Additionally, millennials are the least engaged in the workforce. According to Gallup research, 55% are not engaged. Employers can engage this burgeoning workplace cohort by harnessing the power of self-directed learning. According to Statista, 61% of millennials feel that learning is key to a successful career.

It is simple; millennials want to learn, so we need to provide learning opportunities. Effectively executing self-directed learning with this significant workplace cohort increases learning efficiency and enhances individual performance and overall business effectiveness.

More than 50% of millennials would learn a new skill to perform a new function to enable career success. Organizations should endeavor, therefore, to harness that learning power if learning equates to engagement. Research indicates that millennials learn differently than other generational groupings. They tend to learn experientially in real-world learning environments and with real-world examples. Millennials are tied to technology, so offering learning opportunities to their learning style would be appealing.

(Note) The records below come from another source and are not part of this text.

lemma lean_at_node:
  assumes "lean V E N F B" "s \<in> N" "Zs \<subseteq> B s" "Zt \<subseteq> B s"
    and "finite Zs" "finite Zt" "card Zs = card Zt"
  shows "disjoint_paths V E Zs Zt (card Zt)"
proof -
  have "\<not> (path_in F N P \<and> hd P = s \<and> last P = s \<and> Suc i < length P)" for P i
  proof
    assume P: "path_in F N P \<and> hd P = s \<and> last P = s \<and> Suc i < length P"
    then have "P ! 0 = P ! (length P - 1)" "distinct P"
      by (auto simp: hd_conv_nth last_conv_nth path_in_def)
    then show False using P nth_eq_iff_index_eq by fastforce
  qed
  moreover note assms(1)[unfolded lean_def, rule_format, OF assms(2,2,3,4,5,6,7) refl]
  ultimately show ?thesis by blast
qed

lemma disjoint_paths_path_from:
  assumes "disjoint_paths V E Zs Zt (card Zs)" "finite Zs" "x \<in> Zs"
  obtains xs where "path_in E V xs" "hd xs = x" "set xs \<inter> Zs = {x}" "set xs \<inter> Zt = {last xs}"
proof -
  let ?l = "card Zs"
  obtain P where P: "\<forall>i<?l. path_in E V (P i) \<and> set (P i) \<inter> Zs = {hd (P i)} \<and>
      set (P i) \<inter> Zt = {last (P i)}"
    and disj: "\<forall>i<?l. \<forall>j<?l. i \<noteq> j \<longrightarrow> set (P i) \<inter> set (P j) = {}"
    using assms(1) unfolding disjoint_paths_def by (elim exE conjE)
  have hd: "hd (P i) \<in> set (P i) \<inter> Zs" if "i < ?l" for i
    using P that by blast
  have "inj_on (\<lambda>i. hd (P i)) {..<?l}"
  proof (rule inj_onI)
    fix i j assume "i \<in> {..<?l}" "j \<in> {..<?l}" "hd (P i) = hd (P j)"
    then show "i = j" using hd[of i] hd[of j] disj by auto
  qed
  moreover have "(\<lambda>i. hd (P i)) ` {..<?l} \<subseteq> Zs" using hd by blast
  ultimately have "(\<lambda>i. hd (P i)) ` {..<?l} = Zs"
    using assms(2) by (simp add: card_image card_subset_eq)
  with assms(3) obtain i where i: "i < ?l" "hd (P i) = x" by (metis imageE lessThan_iff)
  with P have "path_in E V (P i) \<and> set (P i) \<inter> Zs = {x} \<and> set (P i) \<inter> Zt = {last (P i)}"
    by simp
  with i(2) show ?thesis using that by blast
qed
(* Let $u$ be the solution of the Cauchy problem in the context, and assume $m_1=0$ and $m_0\ge\sigma/f_0$. Then $\lim_{t\to+\infty}u(x,t)=1$ for every $x\in[0,1]$. Moreover, for all $x\in[0,1]$ and $t\ge0$, \[ 1\ge u(x,t)\ge1-\frac{1-x}{1+\frac{\sigma(1-x)}{m_0f_0-\sigma}\big(e^{(m_0f_0-\sigma)t}-1\big)}\quad\text{if } m_0>\sigma/f_0, \] \[ 1\ge u(x,t)\ge1-\frac{1-x}{1+\sigma(1-x)t}\quad\text{if } m_0=\sigma/f_0. \]
   Context: Constants: $f_0>0$, $f_1\ge0$ with $\sigma=f_0-f_1>0$; $\lambda_0,\lambda_1\ge0$; $\gamma_0,\gamma_1\in(0,1]$; $m_0=\lambda_0\gamma_0$, $m_1=\lambda_1\gamma_1$. With $\mathcal{J}_0u(x,t)=u(x+\gamma_0(1-x),t)-u(x,t)$ and $\mathcal{J}_1u(x,t)=u(x-\gamma_1x,t)-u(x,t)$, $u$ is the unique (mild) solution, which is $C^\infty$ on $[0,1]\times[0,\infty)$, of \[ \partial_tu+\sigma(1-x)x\,\partial_xu=\lambda_0f_0\mathcal{J}_0u+\lambda_1f_1\mathcal{J}_1u\ (0\le x\le1,\ t>0),\quad u(x,0)=x. \] *)

theory Defs
  imports "HOL-Analysis.Analysis"
begin

end

theory Submission
  imports Defs
begin

text \<open>With \<open>m\<^sub>1 = 0\<close> the equation reads \<open>u\<^sub>t + \<sigma> (1 - x) x u\<^sub>x = K (u (x + \<gamma> (1 - x)) - u)\<close>
  with \<open>K = \<lambda>\<^sub>0 f\<^sub>0\<close>, \<open>\<gamma> = \<gamma>\<^sub>0\<close>. Its jump term is monotone, so a comparison principle holds on the
  strip \<open>[0,1] \<times> [0,\<infinity>)\<close>: at the first time a strict subsolution reaches zero, at a spatial
  maximum, the time derivative and the drift term are nonnegative while the jump term is nonpositive.
  Comparing \<open>u\<close> with the constant \<open>1\<close> gives \<open>u \<le> 1\<close>. For the lower bound, compare with the barrier
  \<open>w = 1 - (1 - x) / (A + (1 - x) B)\<close>, where \<open>A = e\<^bsup>a t\<^esup>\<close>, \<open>B' = \<sigma> A\<close>, \<open>B(0) = 0\<close> and
  \<open>a = K \<gamma> - \<sigma>\<close>: it is a subsolution because the jump term is controlled by the concavity
  of \<open>z \<mapsto> z / (A + z B)\<close>. The hypothesis \<open>m\<^sub>0 \<ge> \<sigma> / f\<^sub>0\<close> means \<open>a \<ge> 0\<close>, hence \<open>B t \<ge> \<sigma> t\<close>,
  and the barrier tends to \<open>1\<close>.\<close>

definition has_partials_on_strip ::
    "(real \<Rightarrow> real \<Rightarrow> real) \<Rightarrow> (real \<Rightarrow> real \<Rightarrow> real) \<Rightarrow> (real \<Rightarrow> real \<Rightarrow> real) \<Rightarrow> bool" where
  "has_partials_on_strip E E_x E_t \<longleftrightarrow> (\<forall>x\<in>{0..1}. \<forall>t\<ge>0.
     ((\<lambda>(y, s). E y s) has_derivative (\<lambda>(h, k). E_x x t * h + E_t x t * k))
       (at (x, t) within {0..1} \<times> {0..}))"

lemma has_partials_on_stripD:
  assumes "has_partials_on_strip E E_x E_t" "x \<in> {0..1}" "t \<ge> 0"
  shows "((\<lambda>(y, s). E y s) has_derivative (\<lambda>(h, k). E_x x t * h + E_t x t * k))
           (at (x, t) within {0..1} \<times> {0..})"
  using assms unfolding has_partials_on_strip_def by blast

lemma has_partials_on_strip_diff:
  assumes "has_partials_on_strip E E_x E_t" "has_partials_on_strip F F_x F_t"
  shows "has_partials_on_strip (\<lambda>y s. E y s - F y s) (\<lambda>y s. E_x y s - F_x y s) (\<lambda>y s. E_t y s - F_t y s)"
  unfolding has_partials_on_strip_def
proof (intro ballI allI impI)
  fix x t :: real assume "x \<in> {0..1}" "t \<ge> 0"
  from has_derivative_diff[OF has_partials_on_stripD[OF assms(1) this] has_partials_on_stripD[OF assms(2) this]]
  show "((\<lambda>(y, s). E y s - F y s) has_derivative
          (\<lambda>(h, k). (E_x x t - F_x x t) * h + (E_t x t - F_t x t) * k)) (at (x, t) within {0..1} \<times> {0..})"
    by (simp add: case_prod_beta' algebra_simps)
qed

lemma has_partials_on_strip_time_only:
  assumes "\<And>s. (\<phi> has_real_derivative \<phi>' s) (at s)"
  shows "has_partials_on_strip (\<lambda>_ s. \<phi> s) (\<lambda>_ _. 0) (\<lambda>_ s. \<phi>' s)"
  unfolding has_partials_on_strip_def
proof (intro ballI allI impI)
  fix x t :: real
  have "((\<lambda>p. \<phi> (snd p)) has_derivative (\<lambda>p. \<phi>' t * snd p)) (at (x, t) within {0..1} \<times> {0..})"
    using has_derivative_compose[OF has_derivative_snd[OF has_derivative_ident]
        assms[of "snd (x, t)", unfolded has_field_derivative_def]]
    by (simp add: mult.commute)
  then show "((\<lambda>(y, s). \<phi> s) has_derivative (\<lambda>(h, k). 0 * h + \<phi>' t * k))
               (at (x, t) within {0..1} \<times> {0..})"
    by (simp add: case_prod_beta')
qed

lemma has_partials_on_strip_const: "has_partials_on_strip (\<lambda>_ _. c) (\<lambda>_ _. 0) (\<lambda>_ _. 0)"
  using has_partials_on_strip_time_only[of "\<lambda>_. c" "\<lambda>_. 0"] by simp

lemma has_partials_on_strip_imp_continuous:
  assumes "has_partials_on_strip E E_x E_t"
  shows "continuous_on ({0..1} \<times> {0..}) (\<lambda>(y, s). E y s)"
  unfolding continuous_on_eq_continuous_within
proof
  fix q :: "real \<times> real" assume "q \<in> {0..1} \<times> {0..}"
  then obtain x t where "q = (x, t)" "x \<in> {0..1}" "t \<ge> 0" by auto
  then show "continuous (at q within {0..1} \<times> {0..}) (\<lambda>(y, s). E y s)"
    using has_derivative_continuous[OF has_partials_on_stripD[OF assms]] by blast
qed

lemma has_partials_on_strip_imp_time_deriv:
  assumes "has_partials_on_strip E E_x E_t" "x \<in> {0..1}" "t \<ge> 0"
  shows "((\<lambda>s. E x s) has_real_derivative E_t x t) (at t within {0..})"
proof -
  have "((\<lambda>s. (x, s)) has_derivative (\<lambda>k. (0, k))) (at t within {0..})"
    by (auto intro!: derivative_eq_intros)
  from has_derivative_in_compose[OF this has_derivative_subset[OF has_partials_on_stripD[OF assms]]]
  show ?thesis using assms(2) by (force simp: has_field_derivative_def mult_commute_abs)
qed

lemma has_partials_on_strip_imp_space_deriv:
  assumes "has_partials_on_strip E E_x E_t" "x \<in> {0..1}" "t \<ge> 0"
  shows "((\<lambda>y. E y t) has_real_derivative E_x x t) (at x within {0..1})"
proof -
  have "((\<lambda>y. (y, t)) has_derivative (\<lambda>h. (h, 0))) (at x within {0..1})"
    by (auto intro!: derivative_eq_intros)
  from has_derivative_in_compose[OF this has_derivative_subset[OF has_partials_on_stripD[OF assms]]]
  show ?thesis using assms(3) by (auto simp: has_field_derivative_def mult_commute_abs)
qed

lemma has_real_derivative_nonneg_at_left_max:
  fixes f :: "real \<Rightarrow> real"
  assumes d: "(f has_real_derivative d) (at t within {a..t})" and "a < t"
    and le: "\<And>s. a \<le> s \<Longrightarrow> s < t \<Longrightarrow> f s \<le> f t"
  shows "d \<ge> 0"
proof (rule tendsto_lowerbound)
  show "((\<lambda>y. (f y - f t) / (y - t)) \<longlongrightarrow> d) (at_left t)"
    using d unfolding has_field_derivative_iff at_within_Icc_at_left[OF \<open>a < t\<close>] by simp
  show "\<forall>\<^sub>F y in at_left t. 0 \<le> (f y - f t) / (y - t)"
    using eventually_at_left_real[OF \<open>a < t\<close>]
    by eventually_elim (auto intro!: divide_nonpos_neg simp: le)
qed (simp add: trivial_limit_at_left_real)

lemma strip_first_nonneg_time:
  fixes E :: "real \<Rightarrow> real \<Rightarrow> real"
  assumes cont: "continuous_on ({0..1} \<times> {0..}) (\<lambda>(y, s). E y s)"
    and init: "\<And>y. y \<in> {0..1} \<Longrightarrow> E y 0 < 0"
    and x: "x \<in> {0..1}" and t: "t \<ge> 0" and nonneg: "E x t \<ge> 0"
  obtains x' t' where "x' \<in> {0..1}" "t' > 0" "E x' t' \<ge> 0"
    "\<And>y. y \<in> {0..1} \<Longrightarrow> E y t' \<le> E x' t'" "\<And>s. 0 \<le> s \<Longrightarrow> s < t' \<Longrightarrow> E x' s < 0"
proof -
  define R where "R = {0..1::real} \<times> {0..t}"
  define N where "N = R \<inter> (\<lambda>(y, s). E y s) -` {0..}"
  have "closed N" unfolding N_def R_def
    by (rule continuous_closed_preimage[OF continuous_on_subset[OF cont]]) (auto intro: closed_Times)
  then have "compact (R \<inter> N)" unfolding R_def by (intro compact_Int_closed compact_Times compact_Icc)
  moreover have "R \<inter> N = N" by (auto simp: N_def)
  ultimately have "compact N" by simp
  moreover have "(x, t) \<in> N" using x t nonneg by (auto simp: N_def R_def)
  ultimately obtain p where p: "p \<in> N" and first: "\<And>q. q \<in> N \<Longrightarrow> snd p \<le> snd q"
    using continuous_attains_inf[OF _ _ continuous_on_snd[OF continuous_on_id], of N] by blast
  obtain y0 t' where p_eq: "p = (y0, t')" by (cases p)
  have y0: "y0 \<in> {0..1}" and t': "0 \<le> t'" "t' \<le> t" and "E y0 t' \<ge> 0"
    using p by (auto simp: N_def R_def p_eq)
  have "t' \<noteq> 0" using init[OF y0] \<open>E y0 t' \<ge> 0\<close> by auto
  have slice: "continuous_on {0..1} (\<lambda>y. E y t')"
    by (rule continuous_on_compose2[OF cont, of _ "\<lambda>y. (y, t')", simplified])
      (use t' in \<open>auto intro!: continuous_intros\<close>)
  obtain x' where x': "x' \<in> {0..1}" and max: "\<And>y. y \<in> {0..1} \<Longrightarrow> E y t' \<le> E x' t'"
    using continuous_attains_sup[OF compact_Icc _ slice] by fastforce
  have "E x' s < 0" if "0 \<le> s" "s < t'" for s
  proof (rule ccontr)
    assume "\<not> E x' s < 0"
    then have "(x', s) \<in> N" using x' that t' by (auto simp: N_def R_def)
    from first[OF this] that show False by (simp add: p_eq)
  qed
  moreover have "E x' t' \<ge> 0" using max[OF y0] \<open>E y0 t' \<ge> 0\<close> by linarith
  ultimately show ?thesis using that[OF x' _ _ max] t' \<open>t' \<noteq> 0\<close> by simp
qed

According to Anu Galhotra, the learning preferences of millennials are varied, and they favor learning that meets those diverse needs. Self-directed learning can fill that learning gap.

Therefore, if learning engages employees and improves performance, capitalizing on the power of self-directed learning for an improved workforce should be a priority for organizations. The big question is how to harness that power.

Harnessing the Power of Self-directed Learning

Here are five strategies that may be useful to assist in harnessing and unleashing the power of self-directed learning within an organization:

1. Develop a continuous learning culture: Providing a learning culture means encouraging employees to learn to become self-directed learners. This culture is achievable in a variety of ways. For example, start the conversation within the company on the benefits of learning and the advantages of expanding job skills. Motivate them to learn through informational sessions and learning fairs. Organizations can also offer opportunities for upskilling, cross-skilling or reskilling (see Figure 1).Figure 1.

2. Increase access to learning opportunities: Provide a stress-free learning environment where employees can learn when and how they want. That would mean providing many learning choices and opportunities in various modalities, such as eLearning, video-based learning, mobile learning, webinars, social learning, lunch and learns, virtual learning, mentorship and instructor-led learning. Ensure there are choices and availability of all types of courses: not just work-related courses, but also courses that are for sheer enjoyment. For instance, you could offer courses on photography, guitar and mindfulness.

3. Remove obstacles that may deter learning: For instance, ensure that the learning management system (LMS) is modern and user-friendly and can house different learning content in various styles and formats.

4. Develop a learning community. One example might be an intranet community site where employees can share ideas and information on what they are learning, courses they have taken and training ideas. Having that in-house learning community will invigorate both learning and learners.

5. Encourage employees to participate in training: Organizations should not follow the mantra, “If you build it, they will come.” In addition to providing the opportunity, organizations should also encourage those not naturally motivated by learning. Organizations can provide rewards and recognition for learning achieved or even create learning competitions. Organizations, however, will have to be creative in this endeavor.

Conclusion

Self-directed learning is powerful on many fronts, from individual, educational and organizational perspectives. Individuals who love to learn have already harnessed the power of self-directed learning. Organizations will have to learn how to leverage this power across all generations within their company to maintain a high-performing and effective workforce. If an organization has not figured out how to do so effectively, now is the time to figure out how to leverage that power and maintain it. This will ensure an engaged workforce and business success in the 21st century.